**Task requirements:**
Check every line below for the word "where" and copy the ones that have it.

-*-*-

section \<open>The case c \<noteq> 0\<close>

text \<open>Substituting z = (12x^2 - 3a)/c (the solution of the first affine equation) turns c
  times the second equation into the cubic below, and c^2 times the third into a quintic
  whose remainder modulo the cubic is the quadratic below.\<close>
definition elim_cubic ::
    "complex \<Rightarrow> complex \<Rightarrow> complex \<Rightarrow> complex \<Rightarrow> complex \<Rightarrow> complex" where
  "elim_cubic a b c d x = 20*c*x^3 + (-12*d)*x^2 + (-3*a*c)*x + (b*c + 3*a*d)"

definition elim_remainder ::
    "complex \<Rightarrow> complex \<Rightarrow> complex \<Rightarrow> complex \<Rightarrow> complex \<Rightarrow> complex" where
  "elim_remainder a b c d x =
     (3420*a*c^2*d + 1800*b*c^3 - 1296*d^3)*x^2
     + (-360*a^2*c^3 + 216*a*c*d^2 + 180*b*c^2*d)*x
     + (-765*a^2*c^2*d - 630*a*b*c^3 + 324*a*d^3 + 108*b*c*d^2 - 125*c^4)"

text \<open>Elimination of z: the affine system is solvable iff the cubic and the remainder have
  a common root; the division identity below is Q = quotient * cubic + remainder.\<close>
lemma affine_system_elim_z:
  fixes a b c d :: complex
  assumes c: "c \<noteq> 0"
  shows "(\<exists>x z. affine_system a b c d x z)
           \<longleftrightarrow> (\<exists>x. elim_cubic a b c d x = 0 \<and> elim_remainder a b c d x = 0)"
proof -
  define Q where "Q x = 144*x^5*c - 144*x^4*d + 72*x^2*a*d + 36*x^2*b*c
                        - 9*x*a^2*c - 9*a^2*d - 9*a*b*c - 2*c^2" for x
  have division: "(20*c)^3 * Q x =
      (57600*c^3*x^2 - 23040*c^2*d*x + 8640*a*c^3 - 13824*c*d^2) * elim_cubic a b c d x
      + 128*c * elim_remainder a b c d x" for x
    unfolding Q_def elim_cubic_def elim_remainder_def by algebra
  show ?thesis
  proof
    assume "\<exists>x z. affine_system a b c d x z"
    then obtain x z where sys: "affine_system a b c d x z" by blast
    have P: "elim_cubic a b c d x = 0"
      using sys unfolding affine_system_def elim_cubic_def by algebra
    have "Q x = 0" using sys unfolding affine_system_def Q_def by algebra
    then have "elim_remainder a b c d x = 0" using division[of x] P c by simp
    with P show "\<exists>x. elim_cubic a b c d x = 0 \<and> elim_remainder a b c d x = 0" by blast
  next
    assume "\<exists>x. elim_cubic a b c d x = 0 \<and> elim_remainder a b c d x = 0"
    then obtain x where P: "elim_cubic a b c d x = 0" and R: "elim_remainder a b c d x = 0"
      by blast
    have Q: "Q x = 0" using division[of x] P R c by simp
    define z where "z = (12*x^2 - 3*a)/c"
    have z_eq: "c*z = 12*x^2 - 3*a" using c unfolding z_def by simp
    have "c * (- 4*x^3 + 3*a*x + b + 2*c*x*z - d*z) = 0"
      using z_eq P unfolding elim_cubic_def by algebra
    moreover have "c^2 * (6*a*x*z + 3*b*z + c*x*z^2 - d*z^2 - 2) = 0"
      using z_eq Q unfolding Q_def by algebra
    ultimately have "affine_system a b c d x z"
      using z_eq c unfolding affine_system_def by simp
    then show "\<exists>x z. affine_system a b c d x z" by blast
  qed
qed

lemma D4_as_resultant:
  fixes a b c d :: complex
  shows "cq_resultant (20*c) (-12*d) (-3*a*c) (b*c + 3*a*d)
           (3420*a*c^2*d + 1800*b*c^3 - 1296*d^3)
           (-360*a^2*c^3 + 216*a*c*d^2 + 180*b*c^2*d)
           (-765*a^2*c^2*d - 630*a*b*c^3 + 324*a*d^3 + 108*b*c*d^2 - 125*c^4)
         = -250000 * c^8 * D4 a b c d"
  unfolding cq_resultant_def D4_def by algebra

-*-*-

**Exercise response:**
    "complex \<Rightarrow> complex \<Rightarrow> complex \<Rightarrow> complex \<Rightarrow> complex \<Rightarrow> complex" where
    "complex \<Rightarrow> complex \<Rightarrow> complex \<Rightarrow> complex \<Rightarrow> complex \<Rightarrow> complex" where
  define Q where "Q x = 144*x^5*c - 144*x^4*d + 72*x^2*a*d + 36*x^2*b*c
    then obtain x z where sys: "affine_system a b c d x z" by blast
    then obtain x where P: "elim_cubic a b c d x = 0" and R: "elim_remainder a b c d x = 0"
    define z where "z = (12*x^2 - 3*a)/c"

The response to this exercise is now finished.